# Young love... (don't read if easily offended!)



## Hannibal (Dec 1, 2003)

One night a guy takes his girlfriend home. As they are about to kiss
each other goodnight at the front door, the guy starts feeling a little
horny.

With an air of confidence, he leans with his hand against the wall
and, smiling, he says to her: "Honey, would you give me a blow job??"

Horrified, she replies "Are you mad? My parents will see us!"

"Oh come on! Who's gonna see us at this hour??"

"No, please. Can you imagine if we get caught?"

"Oh come on! There's nobody around, they're all sleeping!"

"No way. It's just too risky!"

"Oh please, please, I love you so much?!"

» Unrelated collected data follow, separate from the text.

(* Let $4\mid n$, $n\ge 8$, and let $G=\mathrm{P}\mathcal G_n$ be the projective Clifford-cyclotomic group, with a fixed isomorphism $G\cong S_4\ast_{D_4}D_n$. Suppose $G$ acts on a tree $X$ without terminal vertices, possibly with inversions, with finite stabilizers, such that the quotient graph of groups $X/G$ is finite. Then there exists a vertex of $X$ fixed by the factor $S_4$ which has valence $3$.
   Context: $\zeta_n=e^{2\pi i/n}$; $\mathcal G_n=\langle H,T_n\rangle\subset\mathrm U_2({\mathbf Z}[\zeta_n,1/2])$ with $H=\frac12\begin{pmatrix}1+i&1+i\\1+i&-1-i\end{pmatrix}$ and $T_n=\begin{pmatrix}1&0\\0&\zeta_n\end{pmatrix}$, and $\mathrm P\mathcal G_n$ is $\mathcal G_n$ modulo scalars. By a theorem of Radin and Sadun, $\mathrm P\mathcal G_n$ is isomorphic to an amalgamated free product $S_4\ast_{D_4}D_n$ of the symmetric group $S_4$ and a dihedral group $D_n$ over a dihedral subgroup $D_4$; "the factor $S_4$" refers to the image of $S_4$ under this fixed isomorphism. The valence of a vertex is the number of edges incident to it. *)

theory Defs
  imports "HOL-Analysis.Analysis" "HOL-Algebra.Algebra"
begin

definition zeta :: "nat \<Rightarrow> complex" where
  "zeta n = cis (2 * pi / real n)"

definition Hmat :: "complex^2^2" where
  "Hmat = (\<chi> i j. (if i = 2 \<and> j = 2 then -1 else 1) * ((1 + \<i>) / 2))"

definition Tmat :: "nat \<Rightarrow> complex^2^2" where
  "Tmat n = (\<chi> i j. if i = j then (if i = 1 then 1 else zeta n) else 0)"

definition GL2 :: "(complex^2^2) monoid" where
  "GL2 = \<lparr>carrier = {A. invertible A}, mult = (**), one = mat 1\<rparr>"

definition CG :: "nat \<Rightarrow> (complex^2^2) monoid" where
  "CG n = GL2\<lparr>carrier := generate GL2 {Hmat, Tmat n}\<rparr>"

definition scalars :: "nat \<Rightarrow> (complex^2^2) set" where
  "scalars n = {A \<in> carrier (CG n). \<exists>c. A = mat c}"

definition PCG :: "nat \<Rightarrow> (complex^2^2) set monoid" where
  "PCG n = CG n Mod scalars n"

text \<open>Dihedral group of order 2m, as the symmetries of the m-gon with vertices 0..m-1.\<close>
definition dihedral_group :: "nat \<Rightarrow> (nat \<Rightarrow> nat) monoid" where
  "dihedral_group m =
     \<lparr>carrier = {(\<lambda>i. if i < m then (k + i) mod m else i) | k. k < m}
             \<union> {(\<lambda>i. if i < m then (k + m - i) mod m else i) | k. k < m},
      mult = (\<circ>), one = id\<rparr>"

"No, no, and no. I love you too, but I just can't!"

"Oh yes you can. Please?"

"No, no. I just can't"

"I'm begging you ... "

Out of the blue, the light on the stairs goes on, and the girl's
sister shows up in her pajamas, hair disheveled, and in a sleepy voice she
says "Dad says to go ahead and give him a blow job, or I can do it. Or if
need be, Mom says she can come down herself and do it. But for f*cks sake
tell him to take his hand off the intercom."


----------



## smuTTy (May 3, 2004)

Get all three of 'em on it!! :lol: :lol: :lol: :lol:


----------



## JamKart (Mar 7, 2003)

Beat ya to it :lol:


----------



## SPECSMAN (Oct 11, 2016)

Good one....new to me! :lol:


----------



## j8keith (Jun 26, 2009)

:lol: :lol:


----------



## MarksBlackTT (Nov 29, 2016)

:lol: :lol: :lol:


----------